lemma intertwining_relationsE:
  assumes "x \<in> intertwining_relations S F a"
  obtains i j \<sigma> where "x = a i (\<sigma> j) - a (inv \<sigma> i) j" "i \<in> S" "j \<in> S" "\<sigma> \<in> F"
  using assms unfolding intertwining_relations_def by blast

definition invariance_relations ::
    "'i set \<Rightarrow> ('i \<Rightarrow> 'i) set \<Rightarrow> ('i \<Rightarrow> 'i \<Rightarrow> 'a::cstar_algebra) \<Rightarrow> 'a set" where
  "invariance_relations S F a = {a (\<sigma> i) (\<sigma> j) - a i j | i j \<sigma>. i \<in> S \<and> j \<in> S \<and> \<sigma> \<in> F}"

lemma invariance_relationsI:
  "i \<in> S \<Longrightarrow> j \<in> S \<Longrightarrow> \<sigma> \<in> F \<Longrightarrow> a (\<sigma> i) (\<sigma> j) - a i j \<in> invariance_relations S F a"
  unfolding invariance_relations_def by (intro CollectI exI[of _ i] exI[of _ j] exI[of _ \<sigma>]) simp

lemma invariance_relationsE:
  assumes "x \<in> invariance_relations S F a"
  obtains i j \<sigma> where "x = a (\<sigma> i) (\<sigma> j) - a i j" "i \<in> S" "j \<in> S" "\<sigma> \<in> F"
  using assms unfolding invariance_relations_def by blast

PROBLEM TO SOLVE: Tally the lines of the data that hold the string "unfolding". Answer with the number and nothing more.

SOLUTION FOR THIS PROBLEM: 3